--- SUPPLIED DATA ---

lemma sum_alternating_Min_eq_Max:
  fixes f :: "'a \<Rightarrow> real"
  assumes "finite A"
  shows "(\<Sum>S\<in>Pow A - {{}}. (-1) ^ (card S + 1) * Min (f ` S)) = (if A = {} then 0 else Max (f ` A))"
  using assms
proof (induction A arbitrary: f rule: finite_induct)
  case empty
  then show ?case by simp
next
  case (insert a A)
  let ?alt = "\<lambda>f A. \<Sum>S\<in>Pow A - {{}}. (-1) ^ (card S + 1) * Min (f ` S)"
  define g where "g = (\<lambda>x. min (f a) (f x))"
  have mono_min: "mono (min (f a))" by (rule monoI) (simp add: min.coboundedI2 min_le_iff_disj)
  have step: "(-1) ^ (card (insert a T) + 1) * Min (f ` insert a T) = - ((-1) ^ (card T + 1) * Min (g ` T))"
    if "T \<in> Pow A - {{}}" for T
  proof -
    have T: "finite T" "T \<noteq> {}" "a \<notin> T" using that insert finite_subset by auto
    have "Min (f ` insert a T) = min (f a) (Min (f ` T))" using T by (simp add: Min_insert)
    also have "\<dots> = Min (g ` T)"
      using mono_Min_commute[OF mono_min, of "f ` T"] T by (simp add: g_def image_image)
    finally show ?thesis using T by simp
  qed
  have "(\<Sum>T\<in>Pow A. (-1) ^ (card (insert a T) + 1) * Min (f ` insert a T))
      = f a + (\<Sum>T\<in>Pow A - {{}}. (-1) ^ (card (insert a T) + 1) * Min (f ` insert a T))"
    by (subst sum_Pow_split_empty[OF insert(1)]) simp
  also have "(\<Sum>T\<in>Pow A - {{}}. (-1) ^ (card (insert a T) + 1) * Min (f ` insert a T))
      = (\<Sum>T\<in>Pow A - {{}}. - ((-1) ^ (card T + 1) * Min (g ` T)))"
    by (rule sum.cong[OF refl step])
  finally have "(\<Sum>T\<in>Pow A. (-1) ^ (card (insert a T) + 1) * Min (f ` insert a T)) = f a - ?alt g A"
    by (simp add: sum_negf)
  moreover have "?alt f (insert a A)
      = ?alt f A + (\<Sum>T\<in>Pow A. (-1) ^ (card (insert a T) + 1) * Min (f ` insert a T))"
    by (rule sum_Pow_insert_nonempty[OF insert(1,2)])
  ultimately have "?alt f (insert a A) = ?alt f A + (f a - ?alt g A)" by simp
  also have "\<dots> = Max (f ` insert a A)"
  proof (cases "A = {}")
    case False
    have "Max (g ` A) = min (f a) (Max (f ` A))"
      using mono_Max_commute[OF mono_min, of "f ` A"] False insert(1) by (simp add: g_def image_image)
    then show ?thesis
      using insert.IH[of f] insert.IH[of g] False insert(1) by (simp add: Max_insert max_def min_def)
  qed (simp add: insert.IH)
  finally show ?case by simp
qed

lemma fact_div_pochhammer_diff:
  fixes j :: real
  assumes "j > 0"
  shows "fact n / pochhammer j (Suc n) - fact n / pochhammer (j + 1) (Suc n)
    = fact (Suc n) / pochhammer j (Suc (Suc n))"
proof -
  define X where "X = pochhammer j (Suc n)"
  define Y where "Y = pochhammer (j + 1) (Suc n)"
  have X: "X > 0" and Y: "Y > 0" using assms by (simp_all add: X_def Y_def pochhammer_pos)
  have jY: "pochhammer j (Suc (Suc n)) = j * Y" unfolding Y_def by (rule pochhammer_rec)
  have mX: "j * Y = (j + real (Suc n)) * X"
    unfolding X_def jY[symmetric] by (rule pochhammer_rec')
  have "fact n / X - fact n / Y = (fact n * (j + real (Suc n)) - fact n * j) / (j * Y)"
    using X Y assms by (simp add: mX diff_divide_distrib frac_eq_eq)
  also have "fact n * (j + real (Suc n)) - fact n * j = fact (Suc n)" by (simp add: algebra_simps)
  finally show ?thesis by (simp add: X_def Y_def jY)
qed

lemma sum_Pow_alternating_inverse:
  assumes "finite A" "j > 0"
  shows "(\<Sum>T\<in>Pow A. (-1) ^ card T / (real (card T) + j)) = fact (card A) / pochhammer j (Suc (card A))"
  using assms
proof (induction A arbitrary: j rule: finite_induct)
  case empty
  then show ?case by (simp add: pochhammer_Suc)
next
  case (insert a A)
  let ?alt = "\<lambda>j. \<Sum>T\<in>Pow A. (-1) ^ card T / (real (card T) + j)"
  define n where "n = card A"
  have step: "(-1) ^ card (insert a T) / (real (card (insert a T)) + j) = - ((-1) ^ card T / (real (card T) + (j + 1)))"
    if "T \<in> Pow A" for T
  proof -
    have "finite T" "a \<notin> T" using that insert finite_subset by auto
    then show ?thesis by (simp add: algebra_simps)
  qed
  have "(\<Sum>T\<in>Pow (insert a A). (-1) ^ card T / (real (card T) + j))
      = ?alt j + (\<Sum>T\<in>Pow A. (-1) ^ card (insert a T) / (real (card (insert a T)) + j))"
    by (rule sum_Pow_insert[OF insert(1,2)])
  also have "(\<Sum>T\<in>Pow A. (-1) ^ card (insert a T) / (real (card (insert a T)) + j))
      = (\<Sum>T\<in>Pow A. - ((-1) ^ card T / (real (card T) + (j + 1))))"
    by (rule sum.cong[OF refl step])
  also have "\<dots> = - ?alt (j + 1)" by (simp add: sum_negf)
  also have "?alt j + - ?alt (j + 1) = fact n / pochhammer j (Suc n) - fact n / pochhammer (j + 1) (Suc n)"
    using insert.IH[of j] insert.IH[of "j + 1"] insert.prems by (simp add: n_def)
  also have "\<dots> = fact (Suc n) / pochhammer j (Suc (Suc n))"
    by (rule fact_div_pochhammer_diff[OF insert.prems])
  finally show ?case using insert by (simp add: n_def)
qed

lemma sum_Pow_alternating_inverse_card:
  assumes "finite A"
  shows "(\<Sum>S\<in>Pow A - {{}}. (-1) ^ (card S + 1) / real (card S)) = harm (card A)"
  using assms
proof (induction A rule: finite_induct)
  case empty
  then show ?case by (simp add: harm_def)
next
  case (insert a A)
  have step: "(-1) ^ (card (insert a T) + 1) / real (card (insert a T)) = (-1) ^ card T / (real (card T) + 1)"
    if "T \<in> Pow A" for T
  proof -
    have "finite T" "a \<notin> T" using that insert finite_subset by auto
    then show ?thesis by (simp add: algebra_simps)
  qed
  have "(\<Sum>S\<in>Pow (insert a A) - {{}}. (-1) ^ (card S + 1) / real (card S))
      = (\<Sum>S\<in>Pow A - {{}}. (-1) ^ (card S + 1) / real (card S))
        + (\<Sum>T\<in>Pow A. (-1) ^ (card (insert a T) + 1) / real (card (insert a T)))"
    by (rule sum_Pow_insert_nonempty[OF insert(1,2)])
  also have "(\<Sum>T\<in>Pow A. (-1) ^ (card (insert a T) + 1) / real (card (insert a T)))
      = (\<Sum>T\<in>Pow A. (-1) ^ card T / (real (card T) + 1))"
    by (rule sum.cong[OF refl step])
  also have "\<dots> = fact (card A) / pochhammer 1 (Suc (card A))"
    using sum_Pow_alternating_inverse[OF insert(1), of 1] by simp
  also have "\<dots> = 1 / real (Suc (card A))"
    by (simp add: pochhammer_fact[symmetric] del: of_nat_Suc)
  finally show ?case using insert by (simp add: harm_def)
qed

---

EXERCISE DIRECTIONS:
Each entry above must be set down again without alteration.

RESULT:
lemma sum_alternating_Min_eq_Max:
  fixes f :: "'a \<Rightarrow> real"
  assumes "finite A"
  shows "(\<Sum>S\<in>Pow A - {{}}. (-1) ^ (card S + 1) * Min (f ` S)) = (if A = {} then 0 else Max (f ` A))"
  using assms
proof (induction A arbitrary: f rule: finite_induct)
  case empty
  then show ?case by simp
next
  case (insert a A)
  let ?alt = "\<lambda>f A. \<Sum>S\<in>Pow A - {{}}. (-1) ^ (card S + 1) * Min (f ` S)"
  define g where "g = (\<lambda>x. min (f a) (f x))"
  have mono_min: "mono (min (f a))" by (rule monoI) (simp add: min.coboundedI2 min_le_iff_disj)
  have step: "(-1) ^ (card (insert a T) + 1) * Min (f ` insert a T) = - ((-1) ^ (card T + 1) * Min (g ` T))"
    if "T \<in> Pow A - {{}}" for T
  proof -
    have T: "finite T" "T \<noteq> {}" "a \<notin> T" using that insert finite_subset by auto
    have "Min (f ` insert a T) = min (f a) (Min (f ` T))" using T by (simp add: Min_insert)
    also have "\<dots> = Min (g ` T)"
      using mono_Min_commute[OF mono_min, of "f ` T"] T by (simp add: g_def image_image)
    finally show ?thesis using T by simp
  qed
  have "(\<Sum>T\<in>Pow A. (-1) ^ (card (insert a T) + 1) * Min (f ` insert a T))
      = f a + (\<Sum>T\<in>Pow A - {{}}. (-1) ^ (card (insert a T) + 1) * Min (f ` insert a T))"
    by (subst sum_Pow_split_empty[OF insert(1)]) simp
  also have "(\<Sum>T\<in>Pow A - {{}}. (-1) ^ (card (insert a T) + 1) * Min (f ` insert a T))
      = (\<Sum>T\<in>Pow A - {{}}. - ((-1) ^ (card T + 1) * Min (g ` T)))"
    by (rule sum.cong[OF refl step])
  finally have "(\<Sum>T\<in>Pow A. (-1) ^ (card (insert a T) + 1) * Min (f ` insert a T)) = f a - ?alt g A"
    by (simp add: sum_negf)
  moreover have "?alt f (insert a A)
      = ?alt f A + (\<Sum>T\<in>Pow A. (-1) ^ (card (insert a T) + 1) * Min (f ` insert a T))"
    by (rule sum_Pow_insert_nonempty[OF insert(1,2)])
  ultimately have "?alt f (insert a A) = ?alt f A + (f a - ?alt g A)" by simp
  also have "\<dots> = Max (f ` insert a A)"
  proof (cases "A = {}")
    case False
    have "Max (g ` A) = min (f a) (Max (f ` A))"
      using mono_Max_commute[OF mono_min, of "f ` A"] False insert(1) by (simp add: g_def image_image)
    then show ?thesis
      using insert.IH[of f] insert.IH[of g] False insert(1) by (simp add: Max_insert max_def min_def)
  qed (simp add: insert.IH)
  finally show ?case by simp
qed

lemma fact_div_pochhammer_diff:
  fixes j :: real
  assumes "j > 0"
  shows "fact n / pochhammer j (Suc n) - fact n / pochhammer (j + 1) (Suc n)
    = fact (Suc n) / pochhammer j (Suc (Suc n))"
proof -
  define X where "X = pochhammer j (Suc n)"
  define Y where "Y = pochhammer (j + 1) (Suc n)"
  have X: "X > 0" and Y: "Y > 0" using assms by (simp_all add: X_def Y_def pochhammer_pos)
  have jY: "pochhammer j (Suc (Suc n)) = j * Y" unfolding Y_def by (rule pochhammer_rec)
  have mX: "j * Y = (j + real (Suc n)) * X"
    unfolding X_def jY[symmetric] by (rule pochhammer_rec')
  have "fact n / X - fact n / Y = (fact n * (j + real (Suc n)) - fact n * j) / (j * Y)"
    using X Y assms by (simp add: mX diff_divide_distrib frac_eq_eq)
  also have "fact n * (j + real (Suc n)) - fact n * j = fact (Suc n)" by (simp add: algebra_simps)
  finally show ?thesis by (simp add: X_def Y_def jY)
qed

lemma sum_Pow_alternating_inverse:
  assumes "finite A" "j > 0"
  shows "(\<Sum>T\<in>Pow A. (-1) ^ card T / (real (card T) + j)) = fact (card A) / pochhammer j (Suc (card A))"
  using assms
proof (induction A arbitrary: j rule: finite_induct)
  case empty
  then show ?case by (simp add: pochhammer_Suc)
next
  case (insert a A)
  let ?alt = "\<lambda>j. \<Sum>T\<in>Pow A. (-1) ^ card T / (real (card T) + j)"
  define n where "n = card A"
  have step: "(-1) ^ card (insert a T) / (real (card (insert a T)) + j) = - ((-1) ^ card T / (real (card T) + (j + 1)))"
    if "T \<in> Pow A" for T
  proof -
    have "finite T" "a \<notin> T" using that insert finite_subset by auto
    then show ?thesis by (simp add: algebra_simps)
  qed
  have "(\<Sum>T\<in>Pow (insert a A). (-1) ^ card T / (real (card T) + j))
      = ?alt j + (\<Sum>T\<in>Pow A. (-1) ^ card (insert a T) / (real (card (insert a T)) + j))"
    by (rule sum_Pow_insert[OF insert(1,2)])
  also have "(\<Sum>T\<in>Pow A. (-1) ^ card (insert a T) / (real (card (insert a T)) + j))
      = (\<Sum>T\<in>Pow A. - ((-1) ^ card T / (real (card T) + (j + 1))))"
    by (rule sum.cong[OF refl step])
  also have "\<dots> = - ?alt (j + 1)" by (simp add: sum_negf)
  also have "?alt j + - ?alt (j + 1) = fact n / pochhammer j (Suc n) - fact n / pochhammer (j + 1) (Suc n)"
    using insert.IH[of j] insert.IH[of "j + 1"] insert.prems by (simp add: n_def)
  also have "\<dots> = fact (Suc n) / pochhammer j (Suc (Suc n))"
    by (rule fact_div_pochhammer_diff[OF insert.prems])
  finally show ?case using insert by (simp add: n_def)
qed

lemma sum_Pow_alternating_inverse_card:
  assumes "finite A"
  shows "(\<Sum>S\<in>Pow A - {{}}. (-1) ^ (card S + 1) / real (card S)) = harm (card A)"
  using assms
proof (induction A rule: finite_induct)
  case empty
  then show ?case by (simp add: harm_def)
next
  case (insert a A)
  have step: "(-1) ^ (card (insert a T) + 1) / real (card (insert a T)) = (-1) ^ card T / (real (card T) + 1)"
    if "T \<in> Pow A" for T
  proof -
    have "finite T" "a \<notin> T" using that insert finite_subset by auto
    then show ?thesis by (simp add: algebra_simps)
  qed
  have "(\<Sum>S\<in>Pow (insert a A) - {{}}. (-1) ^ (card S + 1) / real (card S))
      = (\<Sum>S\<in>Pow A - {{}}. (-1) ^ (card S + 1) / real (card S))
        + (\<Sum>T\<in>Pow A. (-1) ^ (card (insert a T) + 1) / real (card (insert a T)))"
    by (rule sum_Pow_insert_nonempty[OF insert(1,2)])
  also have "(\<Sum>T\<in>Pow A. (-1) ^ (card (insert a T) + 1) / real (card (insert a T)))
      = (\<Sum>T\<in>Pow A. (-1) ^ card T / (real (card T) + 1))"
    by (rule sum.cong[OF refl step])
  also have "\<dots> = fact (card A) / pochhammer 1 (Suc (card A))"
    using sum_Pow_alternating_inverse[OF insert(1), of 1] by simp
  also have "\<dots> = 1 / real (Suc (card A))"
    by (simp add: pochhammer_fact[symmetric] del: of_nat_Suc)
  finally show ?case using insert by (simp add: harm_def)
qed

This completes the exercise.